Landform in Arizona, United States

Superstition Mountain (Wi:kchsawa, Gakoḍk) is a prominent mountain and regional landmark located in the Phoenix metropolitan area of Arizona, immediately east of Apache Junction and north of Gold Canyon. It anchors the west end of the Superstition Mountains (within the federally designated Superstition Wilderness Area) and is a popular outdoor recreation destination, home to numerous trails for hiking and horseback riding. The legend of the Lost Dutchman's Gold Mine centers around the mountain.

== Name ==
Apache Junction resident and Superstition Mountain historian Tom Kollenborn reported the Akimel O'odham's name for the mountain (in the Oʼodham language) was "kakatak tamai", meaning "Crooked-Top Mountain". The name "Superstition Mountains" first appears on a map produced in 1872, with the singular "Superstition Mountain" appearing on an 1874 map. A 1927 map shows both "Coronado Mountain" and "Monte de Espuma" for the mountain, while the USGS reports "Monte de la Expuma" as an alternative name. "Sierra de Espuma" is another reported name for the mountain, sometimes attributed to Francisco Vázquez de Coronado, but it is unlikely he saw the mountain.

== Human history ==
Native peoples of the Salado culture settled near the mountain, possibly as early as 1,000 AD, and constructed cliff dwellings in nearby Rogers Canyon. Sometime between 700 AD and 1,100 AD, the Hohokam people left petroglyphs in the incorrectly named Hieroglyphic Canyon. The Superstition Wilderness contains other petroglyph sites. The Pima people arrived in the region around 1,400 AD, by which point the Hohokam were no longer living there. By the time Europeans entered the region, the Yavapai also lived in the region near the mountain, and Western Apache bands conducted hit-and-run raids on settlers and travelers into the 19th century.

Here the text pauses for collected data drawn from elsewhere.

(* Let $A\in\mathbb{R}^{n\times n}$ be such that $\Lambda_1$ is complex and use the Euclidean norm (with induced spectral matrix norm). For $y_0\in\mathbb{R}^n$ with $w^{(1)}y_0\neq0$, $$a_{\min}(V_1,W_1)\le\mathrm{OT}(t,y_0)\le a_{\max}(V_1,W_1)\qquad\text{for all }t\in\mathbb{R},$$ where $a_{\min}(V_1,W_1)=\sqrt{\frac{(1+W_1)(1-V_1)}{2(1+V_1)}}$ if $V_1\le W_1$, $a_{\min}(V_1,W_1)=\sqrt{\frac{1-W_1}{2}}$ if $V_1\ge W_1$, and $a_{\max}(V_1,W_1)=\sqrt{\frac{(1+W_1)(1+V_1)}{2(1-V_1)}}$. Moreover, if $\gamma_1(\hat y_0)-\theta_1$ is an odd multiple of $\pi/2$, then $\min_{t\in\mathbb{R}}\mathrm{OT}(t,y_0)=a_{\min}(V_1,W_1)$ and $\max_{t\in\mathbb{R}}\mathrm{OT}(t,y_0)=a_{\max}(V_1,W_1)$.
   Context: $\Lambda_1$ complex: the eigenvalues of $A$ with maximal real part are exactly a pair of simple complex conjugate eigenvalues $\lambda_1,\overline{\lambda_1}$, $\omega_1=\operatorname{Im}\lambda_1>0$. $w^{(1)}$ (row), $v^{(1)}$ (column) left/right eigenvectors for $\lambda_1$; $\hat w^{(1)}=w^{(1)}/\|w^{(1)}\|_2$, $\hat v^{(1)}=v^{(1)}/\|v^{(1)}\|_2$. $V_1=|(\hat v^{(1)})^T\hat v^{(1)}|$, $W_1=|\hat w^{(1)}(\hat w^{(1)})^T|$ ($^T$ without conjugation), both in $[0,1)$. Polar forms $\hat v^{(1)}_k=|\hat v^{(1)}_k|e^{\sqrt{-1}\alpha_{1k}}$, $\hat w^{(1)}_l=|\hat w^{(1)}_l|e^{\sqrt{-1}\beta_{1l}}$, $\hat w^{(1)}u=|\hat w^{(1)}u|e^{\sqrt{-1}\gamma_1(u)}$ for real $u$ with $w^{(1)}u\neq0$. $\hat y_0=y_0/\|y_0\|_2$. $\hat\Theta_1(t,u)=(|\hat v^{(1)}_k|\cos(\omega_1t+\alpha_{1k}+\gamma_1(u)))_{k}$, $\hat\Theta_1(t)=(|\hat v^{(1)}_k||\hat w^{(1)}_l|\cos(\omega_1t+\alpha_{1k}+\beta_{1l}))_{k,l}$, $\mathrm{OT}(t,y_0)=\|\hat\Theta_1(t)\|_2/\|\hat\Theta_1(t,\hat y_0)\|_2$. Let $R_1=\begin{bmatrix}\operatorname{Re}\hat w^{(1)}\\ \operatorname{Im}\hat w^{(1)}\end{bmatrix}\in\mathbb{R}^{2\times n}$ with largest singular value $\sigma_1$ and corresponding left singular vector $\alpha^{(1)}\in\mathbb{R}^2$; identifying $\mathbb{R}^2$ with $\mathbb{C}$, $\theta_1$ is the angle between the positive real axis and the vector $\sigma_1\alpha^{(1)}$ (the major semi-axis of the ellipse $\{\hat w^{(1)}u: u\in\mathbb{R}^n,\|u\|_2=1\}$ boundary). *)

theory Defs
  imports "HOL-Analysis.Analysis" "HOL-Computational_Algebra.Polynomial"
begin

definition charpoly :: "real^'n^'n \<Rightarrow> complex poly" where
  "charpoly A = det (\<chi> i j. (if i = j then [:0, 1:] else 0) - [:complex_of_real (A$i$j):])"

definition is_eigenvalue :: "real^'n^'n \<Rightarrow> complex \<Rightarrow> bool" where
  "is_eigenvalue A \<mu> \<longleftrightarrow> poly (charpoly A) \<mu> = 0"

definition simple_eigenvalue :: "real^'n^'n \<Rightarrow> complex \<Rightarrow> bool" where
  "simple_eigenvalue A \<mu> \<longleftrightarrow> is_eigenvalue A \<mu> \<and> order \<mu> (charpoly A) = 1"

definition cmat :: "real^'n^'m \<Rightarrow> complex^'n^'m" where
  "cmat A = (\<chi> i j. complex_of_real (A$i$j))"

text \<open>Lambda_1 complex: the eigenvalues of maximal real part are exactly the simple
  conjugate pair lambda1, cnj lambda1 with Im lambda1 > 0.\<close>
definition Lambda1_complex :: "real^'n^'n \<Rightarrow> complex \<Rightarrow> bool" where
  "Lambda1_complex A l1 \<longleftrightarrow>
     Im l1 > 0 \<and> simple_eigenvalue A l1 \<and> simple_eigenvalue A (cnj l1) \<and>
     (\<forall>\<mu>. is_eigenvalue A \<mu> \<longrightarrow> Re \<mu> \<le> Re l1) \<and>
     (\<forall>\<mu>. is_eigenvalue A \<mu> \<and> Re \<mu> = Re l1 \<longrightarrow> \<mu> = l1 \<or> \<mu> = cnj l1)"

definition nrmz :: "'a::real_normed_vector \<Rightarrow> 'a" where
  "nrmz x = (1 / norm x) *\<^sub>R x"

definition rowmul :: "complex^'n \<Rightarrow> real^'n \<Rightarrow> complex" where
  "rowmul w u = (\<Sum>l\<in>UNIV. w$l * complex_of_real (u$l))"

definition tdot :: "complex^'n \<Rightarrow> complex" where
  "tdot x = (\<Sum>k\<in>UNIV. x$k * x$k)"

text \<open>Hat-Theta_1(t,u), with vh, wh the normalised eigenvectors and om = omega_1;
  the angles are the arguments of the polar forms.\<close>
definition Theta_vec :: "complex^'n \<Rightarrow> complex^'n \<Rightarrow> real \<Rightarrow> real \<Rightarrow> real^'n \<Rightarrow> real^'n" where
  "Theta_vec vh wh om t u = (\<chi> k. norm (vh$k) * cos (om * t + Arg (vh$k) + Arg (rowmul wh u)))"

definition Theta_mat :: "complex^'n \<Rightarrow> complex^'n \<Rightarrow> real \<Rightarrow> real \<Rightarrow> real^'n^'n" where
  "Theta_mat vh wh om t = (\<chi> k l. norm (vh$k) * norm (wh$l) * cos (om * t + Arg (vh$k) + Arg (wh$l)))"

definition spec_norm :: "real^'n^'m \<Rightarrow> real" where
  "spec_norm M = onorm (\<lambda>x. M *v x)"

definition OT :: "complex^'n \<Rightarrow> complex^'n \<Rightarrow> real \<Rightarrow> real \<Rightarrow> real^'n \<Rightarrow> real" where
  "OT vh wh om t y0 = spec_norm (Theta_mat vh wh om t) / norm (Theta_vec vh wh om t (nrmz y0))"

definition a_min :: "real \<Rightarrow> real \<Rightarrow> real" where
  "a_min V W = (if V \<le> W then sqrt ((1 + W) * (1 - V) / (2 * (1 + V))) else sqrt ((1 - W) / 2))"

definition a_max :: "real \<Rightarrow> real \<Rightarrow> real" where
  "a_max V W = sqrt ((1 + W) * (1 + V) / (2 * (1 - V)))"

definition R1mat :: "complex^'n \<Rightarrow> real^'n^2" where
  "R1mat wh = (\<chi> i j. if i = 1 then Re (wh$j) else Im (wh$j))"

text \<open>theta is the angle of sigma_1 alpha, where alpha is a left singular vector of R
  for its largest singular value sigma_1 (= spectral norm of R).\<close>
definition major_axis_angle :: "complex^'n \<Rightarrow> real \<Rightarrow> bool" where
  "major_axis_angle wh \<theta> \<longleftrightarrow>
     (let R = R1mat wh; \<sigma> = spec_norm R in
      \<exists>\<alpha>::real^2. norm \<alpha> = 1 \<and> (R ** transpose R) *v \<alpha> = (\<sigma>^2) *\<^sub>R \<alpha> \<and>
        \<sigma> *\<^sub>R \<alpha> = (\<sigma> * cos \<theta>) *\<^sub>R axis 1 1 + (\<sigma> * sin \<theta>) *\<^sub>R axis 2 1)"

end

theory Submission
  imports Defs
begin

text \<open>Put \<open>c = w u\<close>. Then \<open>\<Theta>(t) u = Re (e\<^sup>i\<^sup>\<omega>\<^sup>t c v)\<close>, and for a unit vector
  \<open>v\<close> one has \<open>\<parallel>Re (z v)\<parallel>\<^sup>2 = (|z|\<^sup>2 + Re (z\<^sup>2 v\<^sup>T v)) / 2\<close>. So both norms in
  \<open>OT\<close> are governed by a phase against \<open>v\<^sup>T v\<close> and by the ellipse
  \<open>{w u. \<parallel>u\<parallel> = 1}\<close>, whose semi-axes are \<open>sqrt ((1 \<plusminus> W) / 2)\<close>, the major one in the
  direction \<open>\<theta>\<close> with \<open>e\<^sup>-\<^sup>2\<^sup>i\<^sup>\<theta> w\<^sup>T w = W\<close>. The squared denominator lies between
  \<open>(1 - V) / 2\<close> and \<open>(1 + V) / 2\<close>; the squared numerator is at most \<open>(1 + W)(1 + V) / 4\<close>,
  at least \<open>(1 + W)(1 - V) / 4\<close> (test vector at the end of the major axis) and at least
  \<open>(1 - W) / 2\<close> times the squared denominator (test vector whose image is on the ellipse in
  the direction of \<open>w y\<close>). If \<open>\<gamma> - \<theta>\<close> is an odd multiple of \<open>\<pi>/2\<close>, the denominator
  is largest exactly when the numerator sees the minor axis and smallest when it sees the
  major axis, so both bounds are attained.\<close>

definition Re_smult :: "complex \<Rightarrow> complex^'n \<Rightarrow> real^'n" where
  "Re_smult z x = (\<chi> k. Re (z * x$k))"

lemma cis_power2 [simp]: "(cis a)^2 = cis (2 * a)"
  by (metis cis_mult power2_eq_square mult_2)

lemma norm_vec_power2: "norm (x::'a::real_normed_vector^'n)^2 = (\<Sum>k\<in>UNIV. norm (x$k)^2)"
  by (simp add: norm_vec_def L2_set_def sum_nonneg)

lemma Re_mult_Re: "Re p * Re q = (Re (p * q) + Re (p * cnj q)) / 2"
  by (simp add: algebra_simps)

lemma Re_mult_Re_same:
  "Re (a * z) * Re (b * z) = (Re (a * b * (z * z)) + Re (a * cnj b) * cmod z^2) / 2"
proof -
  have "Re (a * z) * Re (b * z) = (Re (a * z * (b * z)) + Re (a * z * cnj (b * z))) / 2"
    by (rule Re_mult_Re)
  also have "a * z * cnj (b * z) = a * cnj b * (z * cnj z)"
    by (simp add: mult_ac)
  also have "z * cnj z = of_real (cmod z^2)"
    by (rule complex_norm_square[symmetric])
  also have "a * z * (b * z) = a * b * (z * z)"
    by (simp add: mult_ac)
  finally show ?thesis by simp
qed

lemma inner_Re_smult_Re_smult:
  "inner (Re_smult a x) (Re_smult b x) = (Re (a * cnj b) * norm x^2 + Re (a * b * tdot x)) / 2"
proof -
  have "inner (Re_smult a x) (Re_smult b x)
      = (\<Sum>k\<in>UNIV. (Re (a * b * (x$k * x$k)) + Re (a * cnj b) * cmod (x$k)^2) / 2)"
    unfolding Re_smult_def inner_vec_def by (simp only: vec_lambda_beta inner_real_def Re_mult_Re_same)
  also have "\<dots> = (Re (a * cnj b) * norm x^2 + Re (a * b * tdot x)) / 2"
    by (simp add: norm_vec_power2 tdot_def sum_divide_distrib sum.distrib sum_distrib_left
        add_divide_distrib Re_sum add.commute)
  finally show ?thesis .
qed

lemma Re_power2: "Re (z^2) = (Re z)^2 - (Im z)^2"
  by (simp add: power2_eq_square)

lemma Re_mult_cnj_self: "Re (z * cnj z) = cmod z^2"
  by (simp add: complex_mult_cnj cmod_power2)

lemma norm_Re_smult_power2:
  "norm (Re_smult z x)^2 = (cmod z^2 * norm x^2 + Re (z^2 * tdot x)) / 2"
proof -
  have "norm (Re_smult z x)^2 = inner (Re_smult z x) (Re_smult z x)"
    by (simp add: power2_norm_eq_inner)
  also have "\<dots> = (Re (z * cnj z) * norm x^2 + Re (z * z * tdot x)) / 2"
    by (rule inner_Re_smult_Re_smult)
  also have "Re (z * cnj z) = cmod z^2" by (rule Re_mult_cnj_self)
  also have "z * z = z^2" by (rule power2_eq_square[symmetric])
  finally show ?thesis .
qed

lemma inner_Re_smult: "inner (Re_smult z x) u = Re (z * rowmul x u)"
  unfolding rowmul_def Re_smult_def inner_vec_def sum_distrib_left Re_sum
  by (intro sum.cong) (simp_all add: algebra_simps)

lemma rowmul_Re_smult:
  "rowmul x (Re_smult h x) = (cnj h * of_real (norm x^2) + h * tdot x) / 2"
proof -
  have "rowmul x (Re_smult h x) = (\<Sum>l\<in>UNIV. (cnj h * (x$l * cnj (x$l)) + h * (x$l * x$l)) / 2)"
    unfolding rowmul_def Re_smult_def
    by (intro sum.cong) (simp_all add: complex_eq_iff algebra_simps)
  also have "\<dots> = (cnj h * (\<Sum>l\<in>UNIV. x$l * cnj (x$l)) + h * tdot x) / 2"
    by (simp only: tdot_def add_divide_distrib sum.distrib sum_divide_distrib sum_distrib_left)
  also have "(\<Sum>l\<in>UNIV. x$l * cnj (x$l)) = of_real (norm x^2)"
    unfolding norm_vec_power2 of_real_sum complex_norm_square by simp
  finally show ?thesis .
qed

lemma cmod_tdot_le: "cmod (tdot y) \<le> norm y^2"
proof -
  have "cmod (tdot y) \<le> (\<Sum>k\<in>UNIV. cmod (y$k * y$k))" unfolding tdot_def by (rule norm_sum)
  also have "\<dots> = (\<Sum>k\<in>UNIV. norm (y$k)^2)" by (simp add: norm_mult power2_eq_square)
  also have "\<dots> = norm y^2" by (rule norm_vec_power2[symmetric])
  finally show ?thesis .
qed

lemma cmat_mult_vec_scaleR: "cmat M *v (r *\<^sub>R x) = r *\<^sub>R (cmat M *v x)"
  by (simp add: vec_eq_iff matrix_vector_mult_def scaleR_sum_right)

lemma nrmz_eigenvector: "cmat M *v x = l *s x \<Longrightarrow> cmat M *v nrmz x = l *s nrmz x"
  by (simp add: nrmz_def cmat_mult_vec_scaleR vec_eq_iff)

lemma cmat_transpose_mult_vec: "cmat (transpose A) *v w = w v* cmat A"
  by (simp add: vec_eq_iff vector_matrix_mult_def matrix_vector_mult_def cmat_def transpose_def
      mult.commute)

Marcos de Niza may have been the first European to see Superstition Mountain in 1539 during his search for the Seven Cities of Cibola. Superstition Mountain was located on the northern frontier of New Spain, and then fell within the territory of Mexico prior to the end of the Mexican–American War in 1848. The Mexican Cession moved the mountain into the United States when the border shifted south to the Gila River. By 1853, a United States War Department map of the area showed Weaver's Needle. Two minor skirmishes may have occurred around the mountain during the American Civil War. A skirmish with the Yavapai also occurred near the mountain during a campaign led by John D. Walker in 1866. The first Anglo-American settler in the wilderness was Elisha Reavis, who established a homestead and garden east of the mountain around 1878.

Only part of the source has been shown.